An average gallon of diesel in the Midwest a year ago was about $2.50, according to the U.S. Energy Information Administration. Now that gallon costs $3.09, so filling up twin 150-gallon tanks on an 18-wheeler costs carriers an additional $177.
“We bill a surcharge, so as long as it’s an easy incline, prices are no great problem,” Mitchell said. “Back in 2010 or 2011, when the economy went to crap and fuel prices really took off, we couldn’t collect fast enough. If your bill is jumping every week by tens of thousands of dollars, it hits your cash flow real hard. But right now, prices are easing up little by little.”
ELD and the 14-Hour Rule
Nevertheless, higher costs are inescapable. “We’ve been in business since 1994, and back then I could buy trucks one at a time for $82,000 apiece,” Mitchell said. “Now I can order 50 and pay $160,000 apiece.”
Clifford said every expense nags at what is essentially “a penny business,” but he’s not overly worried about fuel costs “because if we’re pricing things correctly, we’ve got a matrix in place to account for that.”
Complying with Federal Motor Carrier Safety Administration rules requiring fleets to have electronic logging devices to keep track of drivers’ hours has also added expenses. “We went to ELDs three years ago, and to date it has cost about $1.2 million in hardware and in software subscriptions,” Rice said. “It’s made a huge impact, one that I believe has been needed. Nobody’s driving when they shouldn’t be, and there’s no more driving 4,000 miles a week. Computerization means there’s no errors, but it does come with a cost.”
While Mitchell backs ELD, he says enforcement of the Department of Transportation rules allowing drivers to be on duty for 11 hours in a 14-hour stretch sometimes defy common sense. He offered an example of a driver dropping off freight at 6:30 a.m. “That’s when your 14-hour clock starts, but if you sit at the dock for five hours waiting to get unloaded, you’re already down to nine hours out of your 14, so you can’t get in your 11 hours. Once you start making pickups and deliveries, it’s down to seven or eight hours a day that guys can drive.”
How Old Is Too Young?
Rice questions federal requirements that commercial interstate drivers be at least 21 and envisions high school graduates being paired with experienced drivers for training. “Take a high school graduate,” he said. “I don’t even get a glimpse of him till he’s 23 or 24, and by then he’s had two or three other jobs. There’s legislation now that would let drivers get into training where they can graduate to being a driver at 20. That would be huge. We could have older guys training the younger guys.”
The American Trucking Associations’ chief economist, Bob Costello, said that keeping trucking off limits to potential drivers coming out of high school turns them toward construction work, manufacturing or other industries that don’t require college.

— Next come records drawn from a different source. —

(* Let $t\le 1$ and let $M\in\mathbb{R}^{n\times n}$ be a distance matrix (i.e. $M_{ij}\ge 0$, $M_{ii}=0$, $M_{ij}=M_{ji}$, $M_{ik}\le M_{ij}+M_{jk}$ for all $i,j,k$). Let $\bar M=\sum_{i,j}M_{ij}$. Then for all $\tilde x,\tilde y,\tilde z\in\tilde\Delta_n$, $$\big(\tilde d^t_M(\tilde x,\tilde z)\big)^{2-t}\le \bar M^{\,1-t}\Big(\tilde d^t_M(\tilde x,\tilde y)+\tilde d^t_M(\tilde y,\tilde z)\Big).$$
   Context: $t^*=1/(2-t)$. All powers of vectors and matrices are entrywise. The co-simplex is $\tilde\Delta_n=\{\tilde p\in\mathbb{R}^n:\tilde p\ge 0,\ \sum_i \tilde p_i^{1/t^*}=1\}$. For $\tilde r,\tilde c\in\tilde\Delta_n$, the co-polytope is $\tilde U_n(\tilde r,\tilde c)=\{\tilde P\in\mathbb{R}_{\ge0}^{n\times n}: \sum_j\tilde P_{ij}^{1/t^*}=\tilde r_i^{1/t^*}\ \forall i,\ \sum_i\tilde P_{ij}^{1/t^*}=\tilde c_j^{1/t^*}\ \forall j\}$. $\langle A,B\rangle=\sum_{ij}A_{ij}B_{ij}$. The (unregularized) measured cost is $\tilde d^t_M(\tilde r,\tilde c)=\min_{\tilde P\in\tilde U_n(\tilde r,\tilde c)}\langle\tilde P,M\rangle$. *)

theory Defs
  imports "HOL-Analysis.Analysis"
begin

text \<open>Index set of size n is a finite type 'n. t* = 1/(2-t), so 1/t* = 2 - t.\<close>

definition tstar :: "real \<Rightarrow> real" where
  "tstar t = 1 / (2 - t)"

definition co_simplex :: "real \<Rightarrow> ('n::finite \<Rightarrow> real) set" where
  "co_simplex t = {p. (\<forall>i. p i \<ge> 0) \<and> (\<Sum>i\<in>UNIV. p i powr (1 / tstar t)) = 1}"

definition co_polytope :: "real \<Rightarrow> ('n::finite \<Rightarrow> real) \<Rightarrow> ('n \<Rightarrow> real) \<Rightarrow> ('n \<Rightarrow> 'n \<Rightarrow> real) set" where
  "co_polytope t r c = {P. (\<forall>i j. P i j \<ge> 0)
      \<and> (\<forall>i. (\<Sum>j\<in>UNIV. P i j powr (1 / tstar t)) = r i powr (1 / tstar t))
      \<and> (\<forall>j. (\<Sum>i\<in>UNIV. P i j powr (1 / tstar t)) = c j powr (1 / tstar t))}"

definition frob :: "('n::finite \<Rightarrow> 'n \<Rightarrow> real) \<Rightarrow> ('n \<Rightarrow> 'n \<Rightarrow> real) \<Rightarrow> real" where
  "frob A B = (\<Sum>i\<in>UNIV. \<Sum>j\<in>UNIV. A i j * B i j)"

text \<open>Measured cost: minimum of <P,M> over the co-polytope (written as the infimum;
  the minimum is attained since the co-polytope is nonempty and compact).\<close>
definition measured_cost :: "real \<Rightarrow> ('n::finite \<Rightarrow> 'n \<Rightarrow> real) \<Rightarrow> ('n \<Rightarrow> real) \<Rightarrow> ('n \<Rightarrow> real) \<Rightarrow> real" where
  "measured_cost t M r c = Inf ((\<lambda>P. frob P M) ` co_polytope t r c)"

definition distance_matrix :: "('n::finite \<Rightarrow> 'n \<Rightarrow> real) \<Rightarrow> bool" where
  "distance_matrix M \<longleftrightarrow> (\<forall>i j. M i j \<ge> 0) \<and> (\<forall>i. M i i = 0) \<and> (\<forall>i j. M i j = M j i)
     \<and> (\<forall>i j k. M i k \<le> M i j + M j k)"

end

theory Submission
  imports Defs
begin

text \<open>Put s = 2 - t \<ge> 1. A matrix P lies in the co-polytope of (r, c) iff its entrywise power P^s
  is a classical transport plan between r^s and c^s. Gluing the classical plans P1^s and P2^s along
  y^s gives a classical plan Q between x^s and z^s whose M-cost is at most the sum of theirs, by the
  triangle inequality. Then Q^(1/s) is in the co-polytope of (x, z), and Hoelder's inequality with
  weights M gives <Q^(1/s), M>^s \<le> (\<Sum>M)^(s-1) <Q, M>. Entries of co-polytope matrices lie in
  [0, 1], so P^s \<le> P entrywise, and taking infima over P1 and P2 concludes.\<close>

lemma powr_mult_powr_le_convex_comb:
  fixes q c \<theta> :: real
  assumes "0 \<le> \<theta>" "\<theta> \<le> 1" "0 \<le> q" "0 < c"
  shows "q powr \<theta> * c powr (1 - \<theta>) \<le> \<theta> * q + (1 - \<theta>) * c"
proof (cases "q = 0")
  case True
  with assms show ?thesis by (cases "\<theta> = 0") auto
next
  case False
  with assms show ?thesis using Youngs_inequality_0[of \<theta> "1 - \<theta>" q c] by auto
qed

lemma sum_mult_powr_le:
  fixes m q :: "'a \<Rightarrow> real"
  assumes S: "finite S" and m: "\<And>i. i \<in> S \<Longrightarrow> 0 \<le> m i" and q: "\<And>i. i \<in> S \<Longrightarrow> 0 \<le> q i"
    and \<theta>: "0 < \<theta>" "\<theta> \<le> 1"
  shows "(\<Sum>i\<in>S. m i * q i powr \<theta>) \<le> (\<Sum>i\<in>S. m i * q i) powr \<theta> * (\<Sum>i\<in>S. m i) powr (1 - \<theta>)"
proof -
  define A where "A = (\<Sum>i\<in>S. m i * q i)"
  define B where "B = (\<Sum>i\<in>S. m i)"
  have "A \<ge> 0" "B \<ge> 0"
    unfolding A_def B_def using m q by (auto intro: sum_nonneg)
  show ?thesis
  proof (cases "A = 0 \<or> B = 0")
    case True
    have "m i * q i powr \<theta> = 0" if "i \<in> S" for i
    proof -
      have "m i * q i = 0 \<or> m i = 0"
        using True that m q S unfolding A_def B_def by (auto simp: sum_nonneg_eq_0_iff)
      then show ?thesis using \<theta> by auto
    qed
    then have "(\<Sum>i\<in>S. m i * q i powr \<theta>) = 0" by (intro sum.neutral) blast
    then show ?thesis by simp
  next
    case False
    with \<open>A \<ge> 0\<close> \<open>B \<ge> 0\<close> have "A > 0" "B > 0" by auto
    define c where "c = A / B" \<comment> \<open>comparing each q i with the mean c turns AM-GM into Hoelder\<close>
    have "c > 0" using \<open>A > 0\<close> \<open>B > 0\<close> by (simp add: c_def)
    have "(\<Sum>i\<in>S. m i * q i powr \<theta>) * c powr (1 - \<theta>) = (\<Sum>i\<in>S. m i * (q i powr \<theta> * c powr (1 - \<theta>)))"
      by (simp add: sum_distrib_right mult.assoc)
    also have "\<dots> \<le> (\<Sum>i\<in>S. m i * (\<theta> * q i + (1 - \<theta>) * c))"
      using m q \<theta> \<open>c > 0\<close> by (intro sum_mono mult_left_mono powr_mult_powr_le_convex_comb) auto
    also have "\<dots> = (\<Sum>i\<in>S. \<theta> * (m i * q i) + (1 - \<theta>) * c * m i)"
      by (simp add: algebra_simps)
    also have "\<dots> = \<theta> * A + (1 - \<theta>) * c * B"
      by (simp add: A_def B_def sum.distrib sum_distrib_left)
    also have "\<dots> = A"
      using \<open>B > 0\<close> by (simp add: c_def field_simps)
    also have "A = A powr \<theta> * B powr (1 - \<theta>) * c powr (1 - \<theta>)"
      using \<open>A > 0\<close> \<open>B > 0\<close> by (simp add: c_def powr_divide flip: powr_add)
    finally show ?thesis
      using \<open>c > 0\<close> by (simp add: A_def B_def)
  qed
qed

lemma powr_sum_mult_powr_inverse_le:
  fixes m q :: "'a \<Rightarrow> real"
  assumes "finite S" "\<And>i. i \<in> S \<Longrightarrow> 0 \<le> m i" "\<And>i. i \<in> S \<Longrightarrow> 0 \<le> q i" and s: "1 \<le> s"
  shows "(\<Sum>i\<in>S. m i * q i powr (1 / s)) powr s \<le> (\<Sum>i\<in>S. m i) powr (s - 1) * (\<Sum>i\<in>S. m i * q i)"
proof -
  define A where "A = (\<Sum>i\<in>S. m i * q i)"
  define B where "B = (\<Sum>i\<in>S. m i)"
  have "A \<ge> 0" "B \<ge> 0"
    unfolding A_def B_def using assms by (auto intro: sum_nonneg mult_nonneg_nonneg)
  have "(\<Sum>i\<in>S. m i * q i powr (1 / s)) powr s \<le> (A powr (1 / s) * B powr (1 - 1 / s)) powr s"
    using assms unfolding A_def B_def
    by (intro powr_mono2 sum_mult_powr_le sum_nonneg mult_nonneg_nonneg) auto
  also have "\<dots> = A powr (1 / s * s) * B powr ((1 - 1 / s) * s)"
    using \<open>A \<ge> 0\<close> \<open>B \<ge> 0\<close> by (simp add: powr_mult powr_powr)
  also have "1 / s * s = 1"
    using s by simp
  also have "(1 - 1 / s) * s = s - 1"
    using s by (simp add: field_simps)
  also have "A powr 1 * B powr (s - 1) = B powr (s - 1) * A"
    using \<open>A \<ge> 0\<close> by simp
  finally show ?thesis by (simp add: A_def B_def)
qed

lemma sum_sum_glue_weights_left:
  fixes Q1 :: "'a \<Rightarrow> 'b::finite \<Rightarrow> real" and Q2 :: "'b \<Rightarrow> 'c::finite \<Rightarrow> real"
  assumes "\<And>j. (\<Sum>k\<in>UNIV. Q2 j k) = c j" and "\<And>j. c j = 0 \<Longrightarrow> Q1 i j = 0"
  shows "(\<Sum>k\<in>UNIV. \<Sum>j\<in>UNIV. Q1 i j * Q2 j k / c j * g j) = (\<Sum>j\<in>UNIV. Q1 i j * g j)"
proof -
  have "(\<Sum>k\<in>UNIV. \<Sum>j\<in>UNIV. Q1 i j * Q2 j k / c j * g j)
      = (\<Sum>j\<in>UNIV. Q1 i j * g j * ((\<Sum>k\<in>UNIV. Q2 j k) / c j))"
    by (subst sum.swap) (simp add: sum_distrib_left sum_divide_distrib mult_ac)
  also have "\<dots> = (\<Sum>j\<in>UNIV. Q1 i j * g j)"
    using assms by (intro sum.cong) auto
  finally show ?thesis .
qed

lemma sum_sum_glue_weights_right:
  fixes Q1 :: "'a::finite \<Rightarrow> 'b::finite \<Rightarrow> real" and Q2 :: "'b \<Rightarrow> 'c \<Rightarrow> real"
  assumes "\<And>j. (\<Sum>i\<in>UNIV. Q1 i j) = c j" and "\<And>j. c j = 0 \<Longrightarrow> Q2 j k = 0"
  shows "(\<Sum>i\<in>UNIV. \<Sum>j\<in>UNIV. Q1 i j * Q2 j k / c j * h j) = (\<Sum>j\<in>UNIV. Q2 j k * h j)"
proof -
  have "(\<Sum>i\<in>UNIV. \<Sum>j\<in>UNIV. Q1 i j * Q2 j k / c j * h j)
      = (\<Sum>j\<in>UNIV. Q2 j k * h j * ((\<Sum>i\<in>UNIV. Q1 i j) / c j))"
    by (subst sum.swap) (simp add: sum_distrib_left sum_divide_distrib mult_ac)
  also have "\<dots> = (\<Sum>j\<in>UNIV. Q2 j k * h j)"
    using assms by (intro sum.cong) auto
  finally show ?thesis .
qed

text \<open>The junk value of division by c j = 0 is harmless: then row j of Q2 and column j of Q1 vanish.\<close>

definition glue :: "('n \<Rightarrow> 'n::finite \<Rightarrow> real) \<Rightarrow> ('n \<Rightarrow> 'n \<Rightarrow> real) \<Rightarrow> ('n \<Rightarrow> real) \<Rightarrow> 'n \<Rightarrow> 'n \<Rightarrow> real" where
  "glue Q1 Q2 c i k = (\<Sum>j\<in>UNIV. Q1 i j * Q2 j k / c j)"

context
  fixes Q1 Q2 :: "'n::finite \<Rightarrow> 'n \<Rightarrow> real" and c :: "'n \<Rightarrow> real"
  assumes Q1_nonneg: "\<And>i j. 0 \<le> Q1 i j" and Q2_nonneg: "\<And>j k. 0 \<le> Q2 j k"
    and Q1_col_sum: "\<And>j. (\<Sum>i\<in>UNIV. Q1 i j) = c j"
    and Q2_row_sum: "\<And>j. (\<Sum>k\<in>UNIV. Q2 j k) = c j"
begin

lemma glue_vanishing:
  assumes "c j = 0"
  shows "Q1 i j = 0" and "Q2 j k = 0"
  using assms Q1_nonneg Q2_nonneg Q1_col_sum[of j] Q2_row_sum[of j]
  by (simp_all add: sum_nonneg_eq_0_iff)

lemma glue_weight_nonneg: "0 \<le> Q1 i j * Q2 j k / c j"
proof -
  have "0 \<le> c j"
    using Q1_col_sum[of j] Q1_nonneg by (metis sum_nonneg)
  then show ?thesis
    using Q1_nonneg Q2_nonneg by simp
qed

lemma glue_nonneg: "0 \<le> glue Q1 Q2 c i k"
  unfolding glue_def using glue_weight_nonneg by (rule sum_nonneg)

lemma glue_row_sum: "(\<Sum>k\<in>UNIV. glue Q1 Q2 c i k) = (\<Sum>j\<in>UNIV. Q1 i j)"
  using sum_sum_glue_weights_left[of Q2 c Q1 i "\<lambda>_. 1", OF Q2_row_sum glue_vanishing(1)]
  by (simp add: glue_def)

lemma glue_col_sum: "(\<Sum>i\<in>UNIV. glue Q1 Q2 c i k) = (\<Sum>j\<in>UNIV. Q2 j k)"
  using sum_sum_glue_weights_right[of Q1 c Q2 k "\<lambda>_. 1", OF Q1_col_sum glue_vanishing(2)]
  by (simp add: glue_def)

lemma glue_cost_le:
  fixes M :: "'n \<Rightarrow> 'n \<Rightarrow> real"
  assumes triangle: "\<And>i j k. M i k \<le> M i j + M j k"
  shows "frob (glue Q1 Q2 c) M \<le> frob Q1 M + frob Q2 M"
proof -
  let ?w = "\<lambda>i j k. Q1 i j * Q2 j k / c j"
  have "frob (glue Q1 Q2 c) M = (\<Sum>i\<in>UNIV. \<Sum>k\<in>UNIV. \<Sum>j\<in>UNIV. ?w i j k * M i k)"
    by (simp add: frob_def glue_def sum_distrib_right)
  also have "\<dots> \<le> (\<Sum>i\<in>UNIV. \<Sum>k\<in>UNIV. \<Sum>j\<in>UNIV. ?w i j k * (M i j + M j k))"
    using glue_weight_nonneg triangle by (intro sum_mono mult_left_mono)
  also have "\<dots> = (\<Sum>i\<in>UNIV. \<Sum>k\<in>UNIV. \<Sum>j\<in>UNIV. ?w i j k * M i j)
                + (\<Sum>i\<in>UNIV. \<Sum>k\<in>UNIV. \<Sum>j\<in>UNIV. ?w i j k * M j k)"
    by (simp add: distrib_left sum.distrib)
  also have "\<dots> = frob Q1 M + (\<Sum>k\<in>UNIV. \<Sum>j\<in>UNIV. Q2 j k * M j k)"
  proof -
    have left: "(\<Sum>k\<in>UNIV. \<Sum>j\<in>UNIV. ?w i j k * M i j) = (\<Sum>j\<in>UNIV. Q1 i j * M i j)" for i
      by (rule sum_sum_glue_weights_left[of Q2 c Q1 i "M i", OF Q2_row_sum glue_vanishing(1)])
    have right: "(\<Sum>i\<in>UNIV. \<Sum>j\<in>UNIV. ?w i j k * M j k) = (\<Sum>j\<in>UNIV. Q2 j k * M j k)" for k
      by (rule sum_sum_glue_weights_right[of Q1 c Q2 k "\<lambda>j. M j k", OF Q1_col_sum glue_vanishing(2)])
    have "(\<Sum>i\<in>UNIV. \<Sum>k\<in>UNIV. \<Sum>j\<in>UNIV. ?w i j k * M j k) = (\<Sum>k\<in>UNIV. \<Sum>j\<in>UNIV. Q2 j k * M j k)"
      by (subst sum.swap) (simp only: right)
    then show ?thesis
      by (simp only: left frob_def)
  qed
  also have "\<dots> = frob Q1 M + frob Q2 M"
    unfolding frob_def by (subst (2) sum.swap) simp
  finally show ?thesis .
qed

“I really love Butch’s idea for training younger drivers,” Clifford said. “Of course he has a different size fleet and could spare older drivers to ride with trainees. I won’t say I’d want to see 18-year-olds out alone driving an 80,000-pound missile down the road, but I wouldn’t mind that teenager being with a trainer for a couple of years.”
Mitchell said safety is the highest priority. “Most trucking companies are geared for safety for the simple fact of the way our nation is. It’s a sue-happy nation, so the last thing we want is to be involved in an accident.”
Both Rice and Mitchell said driverless rigs piloted by technology aren’t likely to hit the roadways anytime soon, though Rice said a push for “autonomous” technology might bear fruit. “Autonomous systems still have a driver in the truck,” though sensors around the truck keep it on course. “Public perception would be the biggest hurdle, but even the discussion is a sign of an industry being pushed hard.”
Asked in an email follow-up whether driverless trucks are on the horizon, Mitchell replied succinctly: “I sure hope not!!!!”